#### [What you will do]
Look for "auto" in each line of the entries, and return the matching lines.

#### [Data for the task]
lemma two_le_sum_ej:
  assumes "odd r" "1 < r" "\<not> prime r"
  shows "2 \<le> (\<Sum>j=1..zz r. ej r j)"
proof -
  have r0: "0 < r" using assms(2) by simp
  note Pr = odd_Pij_zz[OF r0 assms(1)]
  consider "zz r = 0" | "zz r = 1" | "2 \<le> zz r" by linarith
  then show ?thesis
  proof cases
    case 1
    then show ?thesis using Pr assms(2) by (simp add: Pij_def)
  next
    case 2
    then have "r = pj r 1 ^ ej r 1" "prime (pj r 1)" "1 \<le> ej r 1"
      using Pr pj_odd_prime_divisor[OF r0, of 1] ej_pos[OF r0, of 1] by (simp_all add: Pij_def)
    then have "ej r 1 \<noteq> 1" using assms(3) by auto
    then show ?thesis using 2 \<open>1 \<le> ej r 1\<close> by simp
  next
    case 3
    have "(\<Sum>j=1..zz r. 1) \<le> (\<Sum>j=1..zz r. ej r j)"
      using ej_pos[OF r0] by (intro sum_mono) auto
    then show ?thesis using 3 by simp
  qed
qed

lemma three_mult_le_two_degN:
  assumes "6 \<le> r" "\<not> prime r"
  shows "3 * r \<le> 2 * degN r"
proof -
  have r0: "0 < r" using assms(1) by simp
  note identity = degN_identity[OF r0]
  show ?thesis
  proof (cases "even r")
    case True
    then have "2 \<le> (2::nat) ^ e2 r"
      using e2_pos_iff_even[OF r0] by (cases "e2 r") auto
    then have "2 * Pij r (zz r) \<le> r"
      using e2_Pij_factorization[OF r0] mult_le_mono1 by metis
    then show ?thesis using identity assms(1) by linarith
  next
    case False
    then show ?thesis
      using identity odd_Pij_zz[OF r0 False] sum_ej_le_sum_base_exp[OF r0]
        two_le_sum_ej[OF False _ assms(2)] assms(1)
      by linarith
  qed
qed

#### [Task response]
    then have "ej r 1 \<noteq> 1" using assms(3) by auto
      using ej_pos[OF r0] by (intro sum_mono) auto
      using e2_pos_iff_even[OF r0] by (cases "e2 r") auto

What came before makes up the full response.